Ok. To me, the rest of the thread are beating around the same points and
no one is giving ground. The points are made so lets summarise. Apologies
if anything is missing.
Who cares
=========
Physical hotplug remove: Vendors of the hardware that support this -
Fujitsu, HP (I think), IBM etc
Virtualization hotplug remove: Sellers of virtualization software, some
hardware like any IBM machine that lists LPAR in it's list of
features. Probably software solutions like Xen are also affected
if they want to be able to grow and shrink the virtual machines on
demand
High order allocations: Ultimately, hugepage users. Today, that is a
feature only big server users like Oracle care about. In the
future I reckon applications will be able to use them for things
like backing the heap by huge pages. Other users like GigE,
loopback devices with large MTUs, some filesystem like CIFS are
all interested although they are also been told use use smaller
pages.
Pros/Cons of Solutions
======================
Anti-defrag Pros
o Aim9 shows no significant regressions (.37% on page_test). On some
tests, it shows performance gains (> 5% on fork_test)
o Stress tests show that it manages to keep fragmentation down to a far
lower level even without teaching kswapd how to linear reclaim
o Stress tests with a linear reclaim experimental patch shows that it
can successfully find large contiguous chunks of memory
o It is known to help hotplug on PPC64
o No tunables.

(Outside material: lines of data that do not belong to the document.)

(* Let $M$ be an $H_v$-module over an $H_v$-ring $R$, $T$ an idempotent interval $t$-norm and $S$ an idempotent interval $s$-norm. If $A=(\widetilde{M}_A,\widetilde{N}_A)$ is an interval valued intuitionistic $(S,T)$-fuzzy $H_v$-submodule of $M$, then $A/\varepsilon^*=(\widetilde{M}_{\varepsilon^*},\widetilde{N}_{\varepsilon^*})$ is an interval valued intuitionistic $(S,T)$-fuzzy submodule of the fundamental module $M/\varepsilon^*$ (over the fundamental ring $R/\gamma^*$).
   Context: For a set $H$, $P^*(H)$ denotes the non-empty subsets of $H$; a hyperoperation is a map $H\times H\to P^*(H)$, and for $A,B\subseteq H$, $A\cdot B=\bigcup_{a\in A,b\in B}a\cdot b$. An $H_v$-semigroup is $(H,\cdot)$ with $(x\cdot(y\cdot z))\cap((x\cdot y)\cdot z)\neq\emptyset$ for all $x,y,z$; an $H_v$-group is an $H_v$-semigroup with $a\cdot H=H\cdot a=H$ for all $a\in H$; it is weak commutative if $x\cdot y\cap y\cdot x\ne\emptyset$ for all $x,y$. An $H_v$-ring is $(R,+,\cdot)$ with $(R,+)$ an $H_v$-group, $(R,\cdot)$ an $H_v$-semigroup, and $(x\cdot(y+z))\cap(x\cdot y+x\cdot z)\ne\emptyset$, $((x+y)\cdot z)\cap(x\cdot z+y\cdot z)\ne\emptyset$ for all $x,y,z$. An $H_v$-module over an $H_v$-ring $R$ is a non-empty set $M$ with $(M,+)$ a weak commutative $H_v$-group and a map $\cdot:R\times M\to P^*(M)$ such that for all $a,b\in R$, $x,y\in M$: $(a\cdot(x+y))\cap(a\cdot x+a\cdot y)\ne\emptyset$, $((a+b)\cdot x)\cap(a\cdot x+b\cdot x)\ne\emptyset$, $((a\cdot b)\cdot x)\cap(a\cdot(b\cdot x))\ne\emptyset$. Fundamental relations: $\gamma^*$ is the smallest equivalence relation on $R$ such that $R/\gamma^*$ is a ring, and $\varepsilon^*$ is the smallest equivalence relation on $M$ such that $M/\varepsilon^*$ is a module over $R/\gamma^*$, with operations $\varepsilon^*(x)\oplus\varepsilon^*(y)=\varepsilon^*(c)$ for any $c\in\varepsilon^*(x)+\varepsilon^*(y)$ and $\gamma^*(r)\odot\varepsilon^*(x)=\varepsilon^*(d)$ for any $d\in\gamma^*(r)\cdot\varepsilon^*(x)$ (equivalently, $\varepsilon^*$ is the transitive closure of the relation $x\,\varepsilon\,y\iff\{x,y\}\subseteq u$ for some finite expression $u$ built from the hyperoperations of $R$ and $M$ and the external hyperoperation). $\omega_M$ denotes the zero element of $(M/\varepsilon^*,\oplus)$ (the core of $M$). $D[0,1]$ is the set of intervals $[a^-,a^+]$ with $0\le a^-\le a^+\le 1$, ordered componentwise; infima and suprema of families are taken componentwise. A map $\delta:[0,1]^2\to[0,1]$ that is commutative, associative, idempotent and monotone is an idempotent $t$-norm if $\delta(x,1)=x$ for all $x$, and an idempotent $s$-norm if $\delta(1,1)=1$ and $\delta(x,0)=x$ for all $x$. An idempotent interval $t$-norm (resp. $s$-norm) is a map $D[0,1]^2\to D[0,1]$, $([a_1^-,a_1^+],[a_2^-,a_2^+])\mapsto[\delta(a_1^-,a_2^-),\delta(a_1^+,a_2^+)]$ with $\delta$ an idempotent $t$-norm (resp. $s$-norm). An interval valued intuitionistic fuzzy set on $X$ is a pair $A=(\widetilde{M}_A,\widetilde{N}_A)$ of maps $X\to D[0,1]$ with $\sup\widetilde{M}_A(x)+\sup\widetilde{N}_A(x)\le1$ for all $x$. $A=(\widetilde{M}_A,\widetilde{N}_A)$ on $M$ is an interval valued intuitionistic $(S,T)$-fuzzy $H_v$-submodule if: (1) $T(\widetilde{M}_A(x),\widetilde{M}_A(y))\le\inf_{\alpha\in x+y}\widetilde{M}_A(\alpha)$ and $S(\widetilde{N}_A(x),\widetilde{N}_A(y))\ge\sup_{\alpha\in x+y}\widetilde{N}_A(\alpha)$ for all $x,y$; (2) for all $x,a\in M$ there is $y$ with $x\in a+y$, $T(\widetilde{M}_A(x),\widetilde{M}_A(a))\le\widetilde{M}_A(y)$, $S(\widetilde{N}_A(x),\widetilde{N}_A(a))\ge\widetilde{N}_A(y)$; (3) for all $x,a\in M$ there is $z$ with $x\in z+a$, $T(\widetilde{M}_A(x),\widetilde{M}_A(a))\le\widetilde{M}_A(z)$, $S(\widetilde{N}_A(x),\widetilde{N}_A(a))\ge\widetilde{N}_A(z)$; (4) $\widetilde{M}_A(x)\le\inf_{\alpha\in r\cdot x}\widetilde{M}_A(\alpha)$ and $\widetilde{N}_A(x)\ge\sup_{\alpha\in r\cdot x}\widetilde{N}_A(\alpha)$ for all $x\in M$, $r\in R$. $A/\varepsilon^*=(\widetilde{M}_{\varepsilon^*},\widetilde{N}_{\varepsilon^*})$ with $\widetilde{M}_{\varepsilon^*},\widetilde{N}_{\varepsilon^*}:M/\varepsilon^*\to D[0,1]$ defined by $\widetilde{M}_{\varepsilon^*}(\varepsilon^*(x))=\sup_{a\in\varepsilon^*(x)}\widetilde{M}_A(a)$ and $\widetilde{N}_{\varepsilon^*}(\varepsilon^*(x))=\inf_{a\in\varepsilon^*(x)}\widetilde{N}_A(a)$ if $\varepsilon^*(x)\ne\omega_M$, and $\widetilde{M}_{\varepsilon^*}(\omega_M)=[1,1]$, $\widetilde{N}_{\varepsilon^*}(\omega_M)=[0,0]$. For an ordinary module $M'$ over a ring $R'$, an interval valued intuitionistic fuzzy set $A'=(\widetilde{M}_{A'},\widetilde{N}_{A'})$ on $M'$ is an interval valued intuitionistic $(S,T)$-fuzzy submodule if: (i) $\widetilde{M}_{A'}(0)=[1,1]$ and $\widetilde{N}_{A'}(0)=[0,0]$; (ii) $T(\widetilde{M}_{A'}(x),\widetilde{M}_{A'}(y))\le\widetilde{M}_{A'}(x-y)$ and $S(\widetilde{N}_{A'}(x),\widetilde{N}_{A'}(y))\ge\widetilde{N}_{A'}(x-y)$ for all $x,y\in M'$; (iii) $\widetilde{M}_{A'}(x)\le\widetilde{M}_{A'}(r x)$ and $\widetilde{N}_{A'}(x)\ge\widetilde{N}_{A'}(r x)$ for all $x\in M'$, $r\in R'$. *)

theory Defs
  imports Complex_Main
begin

section \<open>Hyperoperations and H_v-structures (carrier = the whole type)\<close>

definition setop :: "('a \<Rightarrow> 'b \<Rightarrow> 'c set) \<Rightarrow> 'a set \<Rightarrow> 'b set \<Rightarrow> 'c set" where
  "setop f A B = (\<Union>a\<in>A. \<Union>b\<in>B. f a b)"

definition hyperop :: "('a \<Rightarrow> 'b \<Rightarrow> 'c set) \<Rightarrow> bool" where
  "hyperop f \<longleftrightarrow> (\<forall>x y. f x y \<noteq> {})"

definition hv_semigroup :: "('a \<Rightarrow> 'a \<Rightarrow> 'a set) \<Rightarrow> bool" where
  "hv_semigroup f \<longleftrightarrow> hyperop f \<and>
     (\<forall>x y z. setop f {x} (f y z) \<inter> setop f (f x y) {z} \<noteq> {})"

definition hv_group :: "('a \<Rightarrow> 'a \<Rightarrow> 'a set) \<Rightarrow> bool" where
  "hv_group f \<longleftrightarrow> hv_semigroup f \<and>
     (\<forall>a. setop f {a} UNIV = UNIV \<and> setop f UNIV {a} = UNIV)"

definition weak_comm :: "('a \<Rightarrow> 'a \<Rightarrow> 'a set) \<Rightarrow> bool" where
  "weak_comm f \<longleftrightarrow> (\<forall>x y. f x y \<inter> f y x \<noteq> {})"

definition hv_ring :: "('r \<Rightarrow> 'r \<Rightarrow> 'r set) \<Rightarrow> ('r \<Rightarrow> 'r \<Rightarrow> 'r set) \<Rightarrow> bool" where
  "hv_ring add mul \<longleftrightarrow> hv_group add \<and> hv_semigroup mul \<and>
     (\<forall>x y z. setop mul {x} (add y z) \<inter> setop add (mul x y) (mul x z) \<noteq> {}) \<and>
     (\<forall>x y z. setop mul (add x y) {z} \<inter> setop add (mul x z) (mul y z) \<noteq> {})"

definition hv_module ::
  "('r \<Rightarrow> 'r \<Rightarrow> 'r set) \<Rightarrow> ('r \<Rightarrow> 'r \<Rightarrow> 'r set) \<Rightarrow>
   ('m \<Rightarrow> 'm \<Rightarrow> 'm set) \<Rightarrow> ('r \<Rightarrow> 'm \<Rightarrow> 'm set) \<Rightarrow> bool" where
  "hv_module addR mulR addM smul \<longleftrightarrow>
     hv_ring addR mulR \<and> hv_group addM \<and> weak_comm addM \<and> hyperop smul \<and>
     (\<forall>a x y. setop smul {a} (addM x y) \<inter> setop addM (smul a x) (smul a y) \<noteq> {}) \<and>
     (\<forall>a b x. setop smul (addR a b) {x} \<inter> setop addM (smul a x) (smul b x) \<noteq> {}) \<and>
     (\<forall>a b x. setop smul (mulR a b) {x} \<inter> setop smul {a} (smul b x) \<noteq> {})"

text \<open>Values of finite expressions built from the hyperoperations of R.\<close>
inductive_set rexp :: "('r \<Rightarrow> 'r \<Rightarrow> 'r set) \<Rightarrow> ('r \<Rightarrow> 'r \<Rightarrow> 'r set) \<Rightarrow> 'r set set"
  for addR mulR where
  rexp_single: "{r} \<in> rexp addR mulR"
| rexp_add: "A \<in> rexp addR mulR \<Longrightarrow> B \<in> rexp addR mulR \<Longrightarrow> setop addR A B \<in> rexp addR mulR"
| rexp_mul: "A \<in> rexp addR mulR \<Longrightarrow> B \<in> rexp addR mulR \<Longrightarrow> setop mulR A B \<in> rexp addR mulR"

text \<open>Values of finite M-valued expressions built from the hyperoperations of R, M
  and the external hyperoperation.\<close>
inductive_set mexp ::
  "('r \<Rightarrow> 'r \<Rightarrow> 'r set) \<Rightarrow> ('r \<Rightarrow> 'r \<Rightarrow> 'r set) \<Rightarrow>
   ('m \<Rightarrow> 'm \<Rightarrow> 'm set) \<Rightarrow> ('r \<Rightarrow> 'm \<Rightarrow> 'm set) \<Rightarrow> 'm set set"
  for addR mulR addM smul where
  mexp_single: "{x} \<in> mexp addR mulR addM smul"
| mexp_add: "A \<in> mexp addR mulR addM smul \<Longrightarrow> B \<in> mexp addR mulR addM smul \<Longrightarrow>
     setop addM A B \<in> mexp addR mulR addM smul"
| mexp_smul: "A \<in> rexp addR mulR \<Longrightarrow> B \<in> mexp addR mulR addM smul \<Longrightarrow>
     setop smul A B \<in> mexp addR mulR addM smul"

definition gamma_rel :: "('r \<Rightarrow> 'r \<Rightarrow> 'r set) \<Rightarrow> ('r \<Rightarrow> 'r \<Rightarrow> 'r set) \<Rightarrow> 'r \<Rightarrow> 'r \<Rightarrow> bool" where
  "gamma_rel addR mulR x y \<longleftrightarrow> (\<exists>u\<in>rexp addR mulR. x \<in> u \<and> y \<in> u)"

definition gamma_star :: "('r \<Rightarrow> 'r \<Rightarrow> 'r set) \<Rightarrow> ('r \<Rightarrow> 'r \<Rightarrow> 'r set) \<Rightarrow> 'r \<Rightarrow> 'r \<Rightarrow> bool" where
  "gamma_star addR mulR = (gamma_rel addR mulR)\<^sup>*\<^sup>*"

definition eps_rel ::
  "('r \<Rightarrow> 'r \<Rightarrow> 'r set) \<Rightarrow> ('r \<Rightarrow> 'r \<Rightarrow> 'r set) \<Rightarrow>
   ('m \<Rightarrow> 'm \<Rightarrow> 'm set) \<Rightarrow> ('r \<Rightarrow> 'm \<Rightarrow> 'm set) \<Rightarrow> 'm \<Rightarrow> 'm \<Rightarrow> bool" where
  "eps_rel addR mulR addM smul x y \<longleftrightarrow> (\<exists>u\<in>mexp addR mulR addM smul. x \<in> u \<and> y \<in> u)"

definition eps_star ::
  "('r \<Rightarrow> 'r \<Rightarrow> 'r set) \<Rightarrow> ('r \<Rightarrow> 'r \<Rightarrow> 'r set) \<Rightarrow>
   ('m \<Rightarrow> 'm \<Rightarrow> 'm set) \<Rightarrow> ('r \<Rightarrow> 'm \<Rightarrow> 'm set) \<Rightarrow> 'm \<Rightarrow> 'm \<Rightarrow> bool" where
  "eps_star addR mulR addM smul = (eps_rel addR mulR addM smul)\<^sup>*\<^sup>*"

definition gamma_class :: "('r \<Rightarrow> 'r \<Rightarrow> 'r set) \<Rightarrow> ('r \<Rightarrow> 'r \<Rightarrow> 'r set) \<Rightarrow> 'r \<Rightarrow> 'r set" where
  "gamma_class addR mulR r = {s. gamma_star addR mulR r s}"

definition fund_ring :: "('r \<Rightarrow> 'r \<Rightarrow> 'r set) \<Rightarrow> ('r \<Rightarrow> 'r \<Rightarrow> 'r set) \<Rightarrow> 'r set set" where
  "fund_ring addR mulR = range (gamma_class addR mulR)"

definition eps_class ::
  "('r \<Rightarrow> 'r \<Rightarrow> 'r set) \<Rightarrow> ('r \<Rightarrow> 'r \<Rightarrow> 'r set) \<Rightarrow>
   ('m \<Rightarrow> 'm \<Rightarrow> 'm set) \<Rightarrow> ('r \<Rightarrow> 'm \<Rightarrow> 'm set) \<Rightarrow> 'm \<Rightarrow> 'm set" where
  "eps_class addR mulR addM smul x = {y. eps_star addR mulR addM smul x y}"

definition fund_module ::
  "('r \<Rightarrow> 'r \<Rightarrow> 'r set) \<Rightarrow> ('r \<Rightarrow> 'r \<Rightarrow> 'r set) \<Rightarrow>
   ('m \<Rightarrow> 'm \<Rightarrow> 'm set) \<Rightarrow> ('r \<Rightarrow> 'm \<Rightarrow> 'm set) \<Rightarrow> 'm set set" where
  "fund_module addR mulR addM smul = range (eps_class addR mulR addM smul)"

definition fadd ::
  "('r \<Rightarrow> 'r \<Rightarrow> 'r set) \<Rightarrow> ('r \<Rightarrow> 'r \<Rightarrow> 'r set) \<Rightarrow>
   ('m \<Rightarrow> 'm \<Rightarrow> 'm set) \<Rightarrow> ('r \<Rightarrow> 'm \<Rightarrow> 'm set) \<Rightarrow> 'm set \<Rightarrow> 'm set \<Rightarrow> 'm set" where
  "fadd addR mulR addM smul X Y =
     eps_class addR mulR addM smul (SOME c. c \<in> setop addM X Y)"

definition fsmul ::
  "('r \<Rightarrow> 'r \<Rightarrow> 'r set) \<Rightarrow> ('r \<Rightarrow> 'r \<Rightarrow> 'r set) \<Rightarrow>
   ('m \<Rightarrow> 'm \<Rightarrow> 'm set) \<Rightarrow> ('r \<Rightarrow> 'm \<Rightarrow> 'm set) \<Rightarrow> 'r set \<Rightarrow> 'm set \<Rightarrow> 'm set" where
  "fsmul addR mulR addM smul P X =
     eps_class addR mulR addM smul (SOME d. d \<in> setop smul P X)"

definition omega ::
  "('r \<Rightarrow> 'r \<Rightarrow> 'r set) \<Rightarrow> ('r \<Rightarrow> 'r \<Rightarrow> 'r set) \<Rightarrow>
   ('m \<Rightarrow> 'm \<Rightarrow> 'm set) \<Rightarrow> ('r \<Rightarrow> 'm \<Rightarrow> 'm set) \<Rightarrow> 'm set" where
  "omega addR mulR addM smul =
     (THE W. W \<in> fund_module addR mulR addM smul \<and>
        (\<forall>X\<in>fund_module addR mulR addM smul.
           fadd addR mulR addM smul W X = X \<and> fadd addR mulR addM smul X W = X))"

definition fneg ::
  "('r \<Rightarrow> 'r \<Rightarrow> 'r set) \<Rightarrow> ('r \<Rightarrow> 'r \<Rightarrow> 'r set) \<Rightarrow>
   ('m \<Rightarrow> 'm \<Rightarrow> 'm set) \<Rightarrow> ('r \<Rightarrow> 'm \<Rightarrow> 'm set) \<Rightarrow> 'm set \<Rightarrow> 'm set" where
  "fneg addR mulR addM smul X =
     (THE Y. Y \<in> fund_module addR mulR addM smul \<and>
        fadd addR mulR addM smul X Y = omega addR mulR addM smul)"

The approach tries to manage itself as much as possible
o It exists, heavily tested, and synced against the latest -mm1
o Can be compiled away be redefining the RCLM_* macros and the
__GFP_*RCLM flags
Anti-defrag Cons
o More complexity within the page allocator
o Adds a new layer onto the allocator that effectively creates subzones
o Adding a new concept that maintainers have to work with
o Depending on the workload, it fragments anyway
New Zone Pros
o Zones are a well known and understood concept
o For people that do not care about hotplug, they can easily get rid of it
o Provides reliable areas of contiguous groups that can be freed for
HugeTLB pages going to userspace
o Uses existing zone infrastructure for balancing
New Zone Cons
o Zones historically have introduced balancing problems
o Been tried for hotplug and dropped because of being awkward to work with
o It only helps hotplug and potentially HugeTLB pages for userspace
o Tunable required. If you get it wrong, the system suffers a lot
o Needs to be planned for and developed
Scenarios
=========
Lets outline some situations then or workloads that can occur
1. Heavy job running that consumes 75% of physical memory. Like a kernel
build
Anti-defrag: It will not fragment as it will never have to fallback.High
order allocations will be possible in the remaining 25%.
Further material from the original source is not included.